EXERCISE DESCRIPTION =
All of the lines below should be copied word for word.

RECORD EXCERPTS =
(* Let $\mathbf{Y}=\boldsymbol{\xi}+\boldsymbol{\omega}(\boldsymbol{\delta}U+\mathbf{Z})\sim\mathcal{MMNE}_p(\boldsymbol{\xi},\mathbf{\Omega},\boldsymbol{\delta})$ with $\boldsymbol{\delta}\neq\mathbf{0}$, where $U$ is standard exponential. Put $\mathbf{\Sigma}_{\mathbf{Y}}=\mathbf{\Omega}-\boldsymbol{\omega}\boldsymbol{\delta}\boldsymbol{\delta}^\top\boldsymbol{\omega}$, $\eta=\sqrt{\boldsymbol{\delta}^\top\boldsymbol{\omega}\mathbf{\Sigma}_{\mathbf{Y}}^{-1}\boldsymbol{\omega}\boldsymbol{\delta}}$ and, for $\mathbf{y}\in\mathbb{R}^p$, $A=A(\mathbf{y})=\eta^{-1}[\boldsymbol{\delta}^\top\boldsymbol{\omega}\mathbf{\Sigma}_{\mathbf{Y}}^{-1}(\mathbf{y}-\boldsymbol{\xi})-1]$. Then the conditional distribution of $U$ given $\mathbf{Y}=\mathbf{y}$ is $\mathcal{TN}(\eta^{-1}A,\eta^{-2},(0,\infty))$. Furthermore, $$\mathrm{E}[U\mid\mathbf{Y}=\mathbf{y}]=\eta^{-1}\Big(A+\frac{\phi(A)}{\Phi(A)}\Big),$$ and for $k\in\{2,3,\dots\}$, $$\mathrm{E}[U^k\mid\mathbf{Y}=\mathbf{y}]=A\eta^{-1}\,\mathrm{E}[U^{k-1}\mid\mathbf{Y}=\mathbf{y}]+(k-1)\eta^{-2}\,\mathrm{E}[U^{k-2}\mid\mathbf{Y}=\mathbf{y}].$$
   Context: Let $\boldsymbol{\xi}\in\mathbb{R}^p$, $\mathbf{\Omega}$ a $p\times p$ symmetric positive definite matrix, $\boldsymbol{\omega}=\mathrm{diag}(\mathbf{\Omega}_{11}^{1/2},\dots,\mathbf{\Omega}_{pp}^{1/2})$, $\overline{\mathbf{\Omega}}=\boldsymbol{\omega}^{-1}\mathbf{\Omega}\boldsymbol{\omega}^{-1}$, $\boldsymbol{\delta}\in\mathbb{R}^p$ with $\overline{\mathbf{\Omega}}-\boldsymbol{\delta}\boldsymbol{\delta}^\top$ positive definite. $\mathcal{MMNE}_p(\boldsymbol{\xi},\mathbf{\Omega},\boldsymbol{\delta})$ denotes the law of $\boldsymbol{\xi}+\boldsymbol{\omega}(\boldsymbol{\delta}U+\mathbf{Z})$ where $U$ has density $e^{-u}$, $u>0$, and $\mathbf{Z}\sim\mathcal{N}_p(\mathbf{0},\overline{\mathbf{\Omega}}-\boldsymbol{\delta}\boldsymbol{\delta}^\top)$ is independent of $U$. $\mathcal{TN}(a,b,(0,\infty))$ is the normal distribution with mean $a$ and variance $b$ truncated to $(0,\infty)$. $\phi$ and $\Phi$ are the standard normal density and CDF. *)

theory Defs
  imports "HOL-Probability.Probability"
begin

definition std_normal_cdf :: "real \<Rightarrow> real" where
  "std_normal_cdf x = measure (density lborel std_normal_density) {..x}"

definition mvn_density :: "real^'p \<Rightarrow> real^'p^'p \<Rightarrow> real^'p \<Rightarrow> real" where
  "mvn_density \<mu> S x =
     exp (- ((x - \<mu>) \<bullet> (matrix_inv S *v (x - \<mu>))) / 2) /
     (sqrt ((2 * pi) ^ CARD('p) * det S))"

text \<open>Truncated normal \<open>TN(a, b, (0,\<infinity>))\<close>: mean a, variance b, truncated to \<open>(0,\<infinity>)\<close>.\<close>
definition trunc_normal :: "real \<Rightarrow> real \<Rightarrow> real measure" where
  "trunc_normal a b = density lborel (\<lambda>u. ennreal
     (indicator {0<..} u * normal_density a (sqrt b) u / (1 - std_normal_cdf (- a / sqrt b))))"

definition pos_def_mat :: "real^'p^'p \<Rightarrow> bool" where
  "pos_def_mat S \<longleftrightarrow> transpose S = S \<and> (\<forall>x. x \<noteq> 0 \<longrightarrow> x \<bullet> (S *v x) > 0)"

definition omega_diag :: "real^'p^'p \<Rightarrow> real^'p^'p" where
  "omega_diag \<Omega> = (\<chi> i j. if i = j then sqrt (\<Omega> $ i $ i) else 0)"

definition corr_mat :: "real^'p^'p \<Rightarrow> real^'p^'p" where
  "corr_mat \<Omega> = matrix_inv (omega_diag \<Omega>) ** \<Omega> ** matrix_inv (omega_diag \<Omega>)"

definition outer :: "real^'p \<Rightarrow> real^'p \<Rightarrow> real^'p^'p" where
  "outer a b = (\<chi> i j. a $ i * b $ j)"

end

(*
  Write Y = xi + omega (delta U + Z) in the coordinates w = omega^-1 (Y - xi). On u > 0 the joint
  density of (U, w) is exp (-u) phi_Sbar (w - u delta), where Sbar = corr_mat Omega - delta delta^T.
  Expanding the quadratic form and completing the square in u shows that, for fixed w, this is a
  multiple of the N(a, 1/e) density restricted to (0, oo), with e = delta^T Sbar^-1 delta = eta^2 and
  a = (delta^T Sbar^-1 w - 1) / e = A / eta. Hence the conditional law of U given Y is this truncated
  normal law. Its moments are ratios J_k / J_0 of J_k = int_0^oo u^k phi_{a,s}(u) du, and integrating
  the derivative of u^k phi_{a,s} over (0, oo) gives J_(k+1) = a J_k + s^2 (k J_(k-1) + [k = 0] phi_{a,s}(0)):
  the case k = 0 is the formula for the conditional mean, the cases k >= 1 are the recursion.
*)

theory Submission
  imports Defs "HOL-Real_Asymp.Real_Asymp"
begin

section \<open>The standard normal distribution function\<close>

lemma prob_space_std_normal: "prob_space (density lborel std_normal_density)"
  by (rule prob_space_normal_density) simp

lemma std_normal_cdf_bounds: "0 \<le> std_normal_cdf a" "std_normal_cdf a \<le> 1"
proof -
  interpret prob_space "density lborel std_normal_density" by (rule prob_space_std_normal)
  show "0 \<le> std_normal_cdf a" "std_normal_cdf a \<le> 1" unfolding std_normal_cdf_def by simp_all
qed

lemma nn_integral_std_normal_atMost:
  "(\<integral>\<^sup>+x. ennreal (indicator {..a} x * std_normal_density x) \<partial>lborel) = ennreal (std_normal_cdf a)"
proof -
  interpret prob_space "density lborel std_normal_density" by (rule prob_space_std_normal)
  show ?thesis unfolding std_normal_cdf_def
    by (subst emeasure_eq_measure[symmetric], subst emeasure_density)
       (auto intro!: nn_integral_cong split: split_indicator)
qed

OUTPUT =
(* Let $\mathbf{Y}=\boldsymbol{\xi}+\boldsymbol{\omega}(\boldsymbol{\delta}U+\mathbf{Z})\sim\mathcal{MMNE}_p(\boldsymbol{\xi},\mathbf{\Omega},\boldsymbol{\delta})$ with $\boldsymbol{\delta}\neq\mathbf{0}$, where $U$ is standard exponential. Put $\mathbf{\Sigma}_{\mathbf{Y}}=\mathbf{\Omega}-\boldsymbol{\omega}\boldsymbol{\delta}\boldsymbol{\delta}^\top\boldsymbol{\omega}$, $\eta=\sqrt{\boldsymbol{\delta}^\top\boldsymbol{\omega}\mathbf{\Sigma}_{\mathbf{Y}}^{-1}\boldsymbol{\omega}\boldsymbol{\delta}}$ and, for $\mathbf{y}\in\mathbb{R}^p$, $A=A(\mathbf{y})=\eta^{-1}[\boldsymbol{\delta}^\top\boldsymbol{\omega}\mathbf{\Sigma}_{\mathbf{Y}}^{-1}(\mathbf{y}-\boldsymbol{\xi})-1]$. Then the conditional distribution of $U$ given $\mathbf{Y}=\mathbf{y}$ is $\mathcal{TN}(\eta^{-1}A,\eta^{-2},(0,\infty))$. Furthermore, $$\mathrm{E}[U\mid\mathbf{Y}=\mathbf{y}]=\eta^{-1}\Big(A+\frac{\phi(A)}{\Phi(A)}\Big),$$ and for $k\in\{2,3,\dots\}$, $$\mathrm{E}[U^k\mid\mathbf{Y}=\mathbf{y}]=A\eta^{-1}\,\mathrm{E}[U^{k-1}\mid\mathbf{Y}=\mathbf{y}]+(k-1)\eta^{-2}\,\mathrm{E}[U^{k-2}\mid\mathbf{Y}=\mathbf{y}].$$
   Context: Let $\boldsymbol{\xi}\in\mathbb{R}^p$, $\mathbf{\Omega}$ a $p\times p$ symmetric positive definite matrix, $\boldsymbol{\omega}=\mathrm{diag}(\mathbf{\Omega}_{11}^{1/2},\dots,\mathbf{\Omega}_{pp}^{1/2})$, $\overline{\mathbf{\Omega}}=\boldsymbol{\omega}^{-1}\mathbf{\Omega}\boldsymbol{\omega}^{-1}$, $\boldsymbol{\delta}\in\mathbb{R}^p$ with $\overline{\mathbf{\Omega}}-\boldsymbol{\delta}\boldsymbol{\delta}^\top$ positive definite. $\mathcal{MMNE}_p(\boldsymbol{\xi},\mathbf{\Omega},\boldsymbol{\delta})$ denotes the law of $\boldsymbol{\xi}+\boldsymbol{\omega}(\boldsymbol{\delta}U+\mathbf{Z})$ where $U$ has density $e^{-u}$, $u>0$, and $\mathbf{Z}\sim\mathcal{N}_p(\mathbf{0},\overline{\mathbf{\Omega}}-\boldsymbol{\delta}\boldsymbol{\delta}^\top)$ is independent of $U$. $\mathcal{TN}(a,b,(0,\infty))$ is the normal distribution with mean $a$ and variance $b$ truncated to $(0,\infty)$. $\phi$ and $\Phi$ are the standard normal density and CDF. *)

theory Defs
  imports "HOL-Probability.Probability"
begin

definition std_normal_cdf :: "real \<Rightarrow> real" where
  "std_normal_cdf x = measure (density lborel std_normal_density) {..x}"

definition mvn_density :: "real^'p \<Rightarrow> real^'p^'p \<Rightarrow> real^'p \<Rightarrow> real" where
  "mvn_density \<mu> S x =
     exp (- ((x - \<mu>) \<bullet> (matrix_inv S *v (x - \<mu>))) / 2) /
     (sqrt ((2 * pi) ^ CARD('p) * det S))"

text \<open>Truncated normal \<open>TN(a, b, (0,\<infinity>))\<close>: mean a, variance b, truncated to \<open>(0,\<infinity>)\<close>.\<close>
definition trunc_normal :: "real \<Rightarrow> real \<Rightarrow> real measure" where
  "trunc_normal a b = density lborel (\<lambda>u. ennreal
     (indicator {0<..} u * normal_density a (sqrt b) u / (1 - std_normal_cdf (- a / sqrt b))))"

definition pos_def_mat :: "real^'p^'p \<Rightarrow> bool" where
  "pos_def_mat S \<longleftrightarrow> transpose S = S \<and> (\<forall>x. x \<noteq> 0 \<longrightarrow> x \<bullet> (S *v x) > 0)"

definition omega_diag :: "real^'p^'p \<Rightarrow> real^'p^'p" where
  "omega_diag \<Omega> = (\<chi> i j. if i = j then sqrt (\<Omega> $ i $ i) else 0)"

definition corr_mat :: "real^'p^'p \<Rightarrow> real^'p^'p" where
  "corr_mat \<Omega> = matrix_inv (omega_diag \<Omega>) ** \<Omega> ** matrix_inv (omega_diag \<Omega>)"

definition outer :: "real^'p \<Rightarrow> real^'p \<Rightarrow> real^'p^'p" where
  "outer a b = (\<chi> i j. a $ i * b $ j)"

end

(*
  Write Y = xi + omega (delta U + Z) in the coordinates w = omega^-1 (Y - xi). On u > 0 the joint
  density of (U, w) is exp (-u) phi_Sbar (w - u delta), where Sbar = corr_mat Omega - delta delta^T.
  Expanding the quadratic form and completing the square in u shows that, for fixed w, this is a
  multiple of the N(a, 1/e) density restricted to (0, oo), with e = delta^T Sbar^-1 delta = eta^2 and
  a = (delta^T Sbar^-1 w - 1) / e = A / eta. Hence the conditional law of U given Y is this truncated
  normal law. Its moments are ratios J_k / J_0 of J_k = int_0^oo u^k phi_{a,s}(u) du, and integrating
  the derivative of u^k phi_{a,s} over (0, oo) gives J_(k+1) = a J_k + s^2 (k J_(k-1) + [k = 0] phi_{a,s}(0)):
  the case k = 0 is the formula for the conditional mean, the cases k >= 1 are the recursion.
*)

theory Submission
  imports Defs "HOL-Real_Asymp.Real_Asymp"
begin

section \<open>The standard normal distribution function\<close>

lemma prob_space_std_normal: "prob_space (density lborel std_normal_density)"
  by (rule prob_space_normal_density) simp

lemma std_normal_cdf_bounds: "0 \<le> std_normal_cdf a" "std_normal_cdf a \<le> 1"
proof -
  interpret prob_space "density lborel std_normal_density" by (rule prob_space_std_normal)
  show "0 \<le> std_normal_cdf a" "std_normal_cdf a \<le> 1" unfolding std_normal_cdf_def by simp_all
qed

lemma nn_integral_std_normal_atMost:
  "(\<integral>\<^sup>+x. ennreal (indicator {..a} x * std_normal_density x) \<partial>lborel) = ennreal (std_normal_cdf a)"
proof -
  interpret prob_space "density lborel std_normal_density" by (rule prob_space_std_normal)
  show ?thesis unfolding std_normal_cdf_def
    by (subst emeasure_eq_measure[symmetric], subst emeasure_density)
       (auto intro!: nn_integral_cong split: split_indicator)
qed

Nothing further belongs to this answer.